__Instructions to follow__: Pick every line from the data below that contains the string "notin" and copy it.

==================================================

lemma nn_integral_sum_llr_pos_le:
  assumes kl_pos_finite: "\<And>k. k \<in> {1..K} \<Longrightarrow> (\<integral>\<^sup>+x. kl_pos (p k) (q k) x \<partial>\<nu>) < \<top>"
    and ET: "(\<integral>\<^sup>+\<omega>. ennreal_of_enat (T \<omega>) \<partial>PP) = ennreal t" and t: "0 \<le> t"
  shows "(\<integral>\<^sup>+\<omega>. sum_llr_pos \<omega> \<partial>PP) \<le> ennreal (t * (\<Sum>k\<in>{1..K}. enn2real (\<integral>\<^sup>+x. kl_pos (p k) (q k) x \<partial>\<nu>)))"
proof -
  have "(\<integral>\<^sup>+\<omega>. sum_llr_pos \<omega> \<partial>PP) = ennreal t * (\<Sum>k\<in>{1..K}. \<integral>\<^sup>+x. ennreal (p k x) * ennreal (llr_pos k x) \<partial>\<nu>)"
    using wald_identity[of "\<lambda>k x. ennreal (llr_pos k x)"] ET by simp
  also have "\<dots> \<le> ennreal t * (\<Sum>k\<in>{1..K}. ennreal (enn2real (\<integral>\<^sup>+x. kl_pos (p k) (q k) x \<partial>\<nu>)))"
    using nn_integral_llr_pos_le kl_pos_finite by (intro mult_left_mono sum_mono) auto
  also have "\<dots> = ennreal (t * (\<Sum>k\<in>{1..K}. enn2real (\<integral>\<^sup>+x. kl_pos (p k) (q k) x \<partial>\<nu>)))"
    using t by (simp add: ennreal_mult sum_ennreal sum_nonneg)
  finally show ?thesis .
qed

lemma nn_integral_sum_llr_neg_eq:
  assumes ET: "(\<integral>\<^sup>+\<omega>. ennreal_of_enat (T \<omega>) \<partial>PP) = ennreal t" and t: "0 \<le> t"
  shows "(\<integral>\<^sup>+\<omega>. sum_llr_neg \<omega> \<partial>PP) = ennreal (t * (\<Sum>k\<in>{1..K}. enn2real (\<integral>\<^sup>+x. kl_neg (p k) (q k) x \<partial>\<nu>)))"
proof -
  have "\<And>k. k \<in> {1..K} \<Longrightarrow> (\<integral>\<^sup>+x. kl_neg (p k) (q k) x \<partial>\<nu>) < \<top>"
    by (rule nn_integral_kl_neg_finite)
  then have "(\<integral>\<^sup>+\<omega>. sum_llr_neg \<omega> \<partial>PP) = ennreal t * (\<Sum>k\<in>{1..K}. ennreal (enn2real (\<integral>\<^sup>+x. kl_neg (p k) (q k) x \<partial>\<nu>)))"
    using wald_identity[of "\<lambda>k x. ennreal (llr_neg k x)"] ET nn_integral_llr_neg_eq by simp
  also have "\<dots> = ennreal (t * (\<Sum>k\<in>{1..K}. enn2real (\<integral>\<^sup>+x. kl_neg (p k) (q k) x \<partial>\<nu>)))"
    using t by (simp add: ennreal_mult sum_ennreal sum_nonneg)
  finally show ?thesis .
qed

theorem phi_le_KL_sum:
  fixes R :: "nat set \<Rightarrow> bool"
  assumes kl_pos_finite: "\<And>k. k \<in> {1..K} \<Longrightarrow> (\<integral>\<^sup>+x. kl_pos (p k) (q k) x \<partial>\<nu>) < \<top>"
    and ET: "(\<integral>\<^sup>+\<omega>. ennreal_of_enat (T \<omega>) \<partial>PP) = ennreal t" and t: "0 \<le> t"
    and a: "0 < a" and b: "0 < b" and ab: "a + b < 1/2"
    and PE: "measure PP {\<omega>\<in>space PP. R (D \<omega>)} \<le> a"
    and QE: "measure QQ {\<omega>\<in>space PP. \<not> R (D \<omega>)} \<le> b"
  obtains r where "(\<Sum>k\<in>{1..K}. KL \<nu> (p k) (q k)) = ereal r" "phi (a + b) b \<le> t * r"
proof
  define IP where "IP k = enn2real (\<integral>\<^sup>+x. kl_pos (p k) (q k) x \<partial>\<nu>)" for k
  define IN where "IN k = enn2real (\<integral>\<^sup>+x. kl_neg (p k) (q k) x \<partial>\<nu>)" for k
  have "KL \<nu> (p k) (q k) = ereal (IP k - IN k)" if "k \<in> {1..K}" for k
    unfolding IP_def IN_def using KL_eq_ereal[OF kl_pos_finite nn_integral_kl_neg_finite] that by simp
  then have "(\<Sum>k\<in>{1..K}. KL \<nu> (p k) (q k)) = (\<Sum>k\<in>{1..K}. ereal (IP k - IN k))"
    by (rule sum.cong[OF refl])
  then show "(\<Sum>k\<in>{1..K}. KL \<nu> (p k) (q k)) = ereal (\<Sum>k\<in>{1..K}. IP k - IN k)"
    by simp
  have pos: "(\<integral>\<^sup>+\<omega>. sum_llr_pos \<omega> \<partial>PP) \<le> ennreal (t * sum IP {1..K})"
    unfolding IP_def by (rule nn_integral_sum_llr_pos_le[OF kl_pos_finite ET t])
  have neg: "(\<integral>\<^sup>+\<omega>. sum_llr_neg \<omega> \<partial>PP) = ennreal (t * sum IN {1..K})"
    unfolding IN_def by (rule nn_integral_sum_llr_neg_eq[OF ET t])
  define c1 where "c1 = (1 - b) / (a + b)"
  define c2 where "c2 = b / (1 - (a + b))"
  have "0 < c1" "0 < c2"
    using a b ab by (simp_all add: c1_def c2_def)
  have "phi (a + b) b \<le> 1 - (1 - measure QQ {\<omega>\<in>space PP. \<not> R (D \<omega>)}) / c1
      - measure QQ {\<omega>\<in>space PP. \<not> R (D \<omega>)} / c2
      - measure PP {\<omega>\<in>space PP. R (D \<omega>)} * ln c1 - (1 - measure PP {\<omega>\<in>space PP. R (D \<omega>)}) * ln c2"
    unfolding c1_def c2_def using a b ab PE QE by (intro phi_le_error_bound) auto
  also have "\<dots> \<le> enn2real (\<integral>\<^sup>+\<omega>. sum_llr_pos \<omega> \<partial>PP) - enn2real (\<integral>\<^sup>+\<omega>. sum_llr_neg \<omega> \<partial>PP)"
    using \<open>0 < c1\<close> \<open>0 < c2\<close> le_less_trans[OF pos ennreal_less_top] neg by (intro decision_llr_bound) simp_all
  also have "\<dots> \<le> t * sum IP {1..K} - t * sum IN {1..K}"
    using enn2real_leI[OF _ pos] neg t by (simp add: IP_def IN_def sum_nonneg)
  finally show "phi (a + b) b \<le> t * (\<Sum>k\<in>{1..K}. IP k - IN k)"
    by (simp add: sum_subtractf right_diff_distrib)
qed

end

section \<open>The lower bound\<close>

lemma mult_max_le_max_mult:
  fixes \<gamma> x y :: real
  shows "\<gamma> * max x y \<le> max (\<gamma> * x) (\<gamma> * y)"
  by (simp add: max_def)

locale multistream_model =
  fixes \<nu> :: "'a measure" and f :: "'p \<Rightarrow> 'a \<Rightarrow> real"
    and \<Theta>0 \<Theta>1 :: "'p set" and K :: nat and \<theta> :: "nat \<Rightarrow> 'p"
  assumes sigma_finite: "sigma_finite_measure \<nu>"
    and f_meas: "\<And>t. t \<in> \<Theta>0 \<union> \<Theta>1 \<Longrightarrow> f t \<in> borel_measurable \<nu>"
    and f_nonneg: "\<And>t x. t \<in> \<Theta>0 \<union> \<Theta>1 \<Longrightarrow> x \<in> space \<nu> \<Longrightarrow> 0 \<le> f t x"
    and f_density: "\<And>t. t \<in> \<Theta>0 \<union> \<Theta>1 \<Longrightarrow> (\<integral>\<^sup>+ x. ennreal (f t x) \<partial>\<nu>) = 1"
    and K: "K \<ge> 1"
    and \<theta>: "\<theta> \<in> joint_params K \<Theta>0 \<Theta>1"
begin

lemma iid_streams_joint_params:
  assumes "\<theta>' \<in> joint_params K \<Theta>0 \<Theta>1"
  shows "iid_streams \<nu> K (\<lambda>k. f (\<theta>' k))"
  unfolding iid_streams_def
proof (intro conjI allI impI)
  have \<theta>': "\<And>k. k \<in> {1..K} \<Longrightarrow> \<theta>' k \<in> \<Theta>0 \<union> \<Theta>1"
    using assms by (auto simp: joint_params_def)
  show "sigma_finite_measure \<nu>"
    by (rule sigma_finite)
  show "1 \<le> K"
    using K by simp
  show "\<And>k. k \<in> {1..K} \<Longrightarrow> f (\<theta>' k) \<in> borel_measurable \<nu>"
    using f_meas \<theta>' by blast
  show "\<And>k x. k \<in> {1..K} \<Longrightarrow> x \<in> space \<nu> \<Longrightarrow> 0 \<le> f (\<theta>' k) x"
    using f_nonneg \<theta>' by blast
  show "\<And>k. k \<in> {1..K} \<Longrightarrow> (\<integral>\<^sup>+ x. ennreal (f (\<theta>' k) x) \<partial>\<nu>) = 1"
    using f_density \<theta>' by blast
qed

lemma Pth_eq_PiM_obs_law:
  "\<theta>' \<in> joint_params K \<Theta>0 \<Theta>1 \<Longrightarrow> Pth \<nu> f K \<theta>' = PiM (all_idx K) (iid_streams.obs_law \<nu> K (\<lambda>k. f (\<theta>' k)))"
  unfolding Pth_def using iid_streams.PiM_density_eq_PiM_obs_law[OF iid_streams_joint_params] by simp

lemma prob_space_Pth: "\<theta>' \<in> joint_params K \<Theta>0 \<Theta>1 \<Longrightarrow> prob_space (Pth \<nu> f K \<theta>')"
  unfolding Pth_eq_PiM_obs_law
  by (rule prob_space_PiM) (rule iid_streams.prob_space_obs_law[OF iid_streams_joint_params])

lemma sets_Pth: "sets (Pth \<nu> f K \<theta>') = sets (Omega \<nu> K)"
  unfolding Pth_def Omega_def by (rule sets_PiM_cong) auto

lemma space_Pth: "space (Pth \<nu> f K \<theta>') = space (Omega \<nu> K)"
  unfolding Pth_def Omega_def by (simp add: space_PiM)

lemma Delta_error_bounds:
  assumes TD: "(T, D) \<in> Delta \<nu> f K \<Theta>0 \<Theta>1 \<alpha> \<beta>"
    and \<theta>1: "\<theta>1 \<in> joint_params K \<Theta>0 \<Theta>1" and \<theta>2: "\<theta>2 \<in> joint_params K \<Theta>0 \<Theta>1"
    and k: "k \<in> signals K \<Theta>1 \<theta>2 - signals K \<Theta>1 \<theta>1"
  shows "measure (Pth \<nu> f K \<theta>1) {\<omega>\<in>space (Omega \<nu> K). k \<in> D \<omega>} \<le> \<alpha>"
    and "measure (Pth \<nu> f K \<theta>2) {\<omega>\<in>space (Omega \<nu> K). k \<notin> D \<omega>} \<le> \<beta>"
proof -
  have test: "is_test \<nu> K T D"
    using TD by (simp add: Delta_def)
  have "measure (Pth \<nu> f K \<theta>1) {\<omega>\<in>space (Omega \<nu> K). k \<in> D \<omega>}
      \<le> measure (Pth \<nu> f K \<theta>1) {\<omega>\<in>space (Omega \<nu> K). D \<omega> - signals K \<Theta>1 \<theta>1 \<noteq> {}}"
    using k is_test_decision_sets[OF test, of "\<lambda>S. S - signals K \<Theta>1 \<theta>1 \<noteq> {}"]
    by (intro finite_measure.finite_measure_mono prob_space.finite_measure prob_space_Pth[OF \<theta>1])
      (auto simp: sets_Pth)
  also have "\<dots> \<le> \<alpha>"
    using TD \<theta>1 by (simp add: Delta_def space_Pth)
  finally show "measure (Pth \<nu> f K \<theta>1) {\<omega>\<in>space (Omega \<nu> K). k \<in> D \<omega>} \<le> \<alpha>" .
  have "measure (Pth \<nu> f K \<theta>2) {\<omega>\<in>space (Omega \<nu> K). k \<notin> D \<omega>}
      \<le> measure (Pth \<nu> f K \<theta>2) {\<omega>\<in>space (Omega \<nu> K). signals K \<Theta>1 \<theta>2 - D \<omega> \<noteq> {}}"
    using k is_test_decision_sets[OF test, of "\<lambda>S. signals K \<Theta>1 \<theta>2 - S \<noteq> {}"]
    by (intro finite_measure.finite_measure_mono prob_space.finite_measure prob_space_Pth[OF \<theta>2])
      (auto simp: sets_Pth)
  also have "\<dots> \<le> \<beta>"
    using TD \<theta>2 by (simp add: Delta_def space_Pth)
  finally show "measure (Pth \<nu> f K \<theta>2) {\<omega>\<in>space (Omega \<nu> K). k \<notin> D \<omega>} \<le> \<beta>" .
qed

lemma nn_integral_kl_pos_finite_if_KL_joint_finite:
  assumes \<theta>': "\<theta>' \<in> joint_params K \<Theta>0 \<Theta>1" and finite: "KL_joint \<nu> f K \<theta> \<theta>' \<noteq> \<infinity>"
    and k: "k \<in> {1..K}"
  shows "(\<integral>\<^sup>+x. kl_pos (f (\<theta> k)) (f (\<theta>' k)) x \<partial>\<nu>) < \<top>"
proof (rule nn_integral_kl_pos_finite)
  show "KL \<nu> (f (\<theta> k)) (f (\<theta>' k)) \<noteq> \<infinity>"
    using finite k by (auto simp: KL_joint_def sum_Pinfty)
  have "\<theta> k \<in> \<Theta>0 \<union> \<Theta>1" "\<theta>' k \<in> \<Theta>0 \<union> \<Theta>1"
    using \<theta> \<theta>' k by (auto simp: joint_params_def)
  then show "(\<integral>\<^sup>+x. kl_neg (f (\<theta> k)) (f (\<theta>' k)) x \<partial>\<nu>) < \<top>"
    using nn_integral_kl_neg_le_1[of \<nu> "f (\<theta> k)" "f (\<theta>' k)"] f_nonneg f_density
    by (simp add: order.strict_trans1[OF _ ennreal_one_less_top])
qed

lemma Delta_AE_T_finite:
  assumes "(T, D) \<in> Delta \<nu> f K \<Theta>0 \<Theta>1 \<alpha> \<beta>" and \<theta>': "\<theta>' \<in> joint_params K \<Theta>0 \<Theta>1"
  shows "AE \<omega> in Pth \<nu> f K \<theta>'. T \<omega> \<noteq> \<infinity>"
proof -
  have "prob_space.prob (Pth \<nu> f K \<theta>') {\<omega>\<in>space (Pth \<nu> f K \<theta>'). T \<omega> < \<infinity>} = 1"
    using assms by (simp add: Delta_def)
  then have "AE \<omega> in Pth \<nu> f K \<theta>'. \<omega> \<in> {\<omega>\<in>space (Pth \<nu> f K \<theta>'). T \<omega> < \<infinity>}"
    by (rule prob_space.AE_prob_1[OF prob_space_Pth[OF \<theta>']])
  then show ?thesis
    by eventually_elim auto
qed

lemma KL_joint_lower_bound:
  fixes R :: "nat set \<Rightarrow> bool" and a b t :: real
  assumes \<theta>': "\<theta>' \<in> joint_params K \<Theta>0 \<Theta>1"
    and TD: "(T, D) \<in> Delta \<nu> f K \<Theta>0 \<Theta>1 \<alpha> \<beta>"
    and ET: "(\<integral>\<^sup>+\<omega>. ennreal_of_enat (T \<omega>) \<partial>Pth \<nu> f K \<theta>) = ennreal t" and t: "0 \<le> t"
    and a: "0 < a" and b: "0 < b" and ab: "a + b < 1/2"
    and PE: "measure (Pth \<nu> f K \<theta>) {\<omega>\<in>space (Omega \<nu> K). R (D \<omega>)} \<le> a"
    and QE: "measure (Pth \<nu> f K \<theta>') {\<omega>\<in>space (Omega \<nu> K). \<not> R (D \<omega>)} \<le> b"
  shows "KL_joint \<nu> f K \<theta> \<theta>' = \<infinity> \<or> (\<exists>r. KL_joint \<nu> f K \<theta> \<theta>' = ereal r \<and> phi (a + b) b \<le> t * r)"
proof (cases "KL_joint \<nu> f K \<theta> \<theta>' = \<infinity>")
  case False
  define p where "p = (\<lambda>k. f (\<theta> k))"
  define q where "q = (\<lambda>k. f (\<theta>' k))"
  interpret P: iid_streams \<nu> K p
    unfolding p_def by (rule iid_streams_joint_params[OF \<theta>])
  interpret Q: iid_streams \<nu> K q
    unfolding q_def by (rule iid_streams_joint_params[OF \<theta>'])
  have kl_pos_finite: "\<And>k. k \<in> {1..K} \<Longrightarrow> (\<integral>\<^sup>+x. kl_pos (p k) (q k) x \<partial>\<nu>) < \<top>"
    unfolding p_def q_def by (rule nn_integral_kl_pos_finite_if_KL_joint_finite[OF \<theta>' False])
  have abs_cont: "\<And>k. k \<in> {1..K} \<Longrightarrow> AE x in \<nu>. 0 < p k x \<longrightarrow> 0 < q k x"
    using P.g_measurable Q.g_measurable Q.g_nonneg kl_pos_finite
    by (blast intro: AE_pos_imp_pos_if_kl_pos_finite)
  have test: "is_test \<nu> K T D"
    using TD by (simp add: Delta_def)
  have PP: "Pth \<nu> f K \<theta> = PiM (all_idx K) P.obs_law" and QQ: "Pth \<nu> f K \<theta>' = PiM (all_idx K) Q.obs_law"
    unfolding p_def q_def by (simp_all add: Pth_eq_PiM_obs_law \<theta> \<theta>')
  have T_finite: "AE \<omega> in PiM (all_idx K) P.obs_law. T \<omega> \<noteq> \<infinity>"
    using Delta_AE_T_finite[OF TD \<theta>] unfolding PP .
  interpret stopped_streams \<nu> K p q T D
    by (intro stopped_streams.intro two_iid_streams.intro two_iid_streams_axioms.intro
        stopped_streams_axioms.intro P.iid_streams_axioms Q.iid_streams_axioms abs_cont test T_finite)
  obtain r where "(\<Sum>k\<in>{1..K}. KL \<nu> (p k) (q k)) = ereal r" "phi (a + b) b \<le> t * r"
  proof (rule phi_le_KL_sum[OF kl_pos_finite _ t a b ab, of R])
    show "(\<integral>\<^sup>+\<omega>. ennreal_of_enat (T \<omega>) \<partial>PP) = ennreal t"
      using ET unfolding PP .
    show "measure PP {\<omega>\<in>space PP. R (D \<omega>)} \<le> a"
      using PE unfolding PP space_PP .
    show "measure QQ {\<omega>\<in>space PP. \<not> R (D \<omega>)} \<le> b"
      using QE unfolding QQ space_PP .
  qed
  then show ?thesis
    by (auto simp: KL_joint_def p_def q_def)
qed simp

==================================================

__Result of this task__:
    and "measure (Pth \<nu> f K \<theta>2) {\<omega>\<in>space (Omega \<nu> K). k \<notin> D \<omega>} \<le> \<beta>"
  have "measure (Pth \<nu> f K \<theta>2) {\<omega>\<in>space (Omega \<nu> K). k \<notin> D \<omega>}
  finally show "measure (Pth \<nu> f K \<theta>2) {\<omega>\<in>space (Omega \<nu> K). k \<notin> D \<omega>} \<le> \<beta>" .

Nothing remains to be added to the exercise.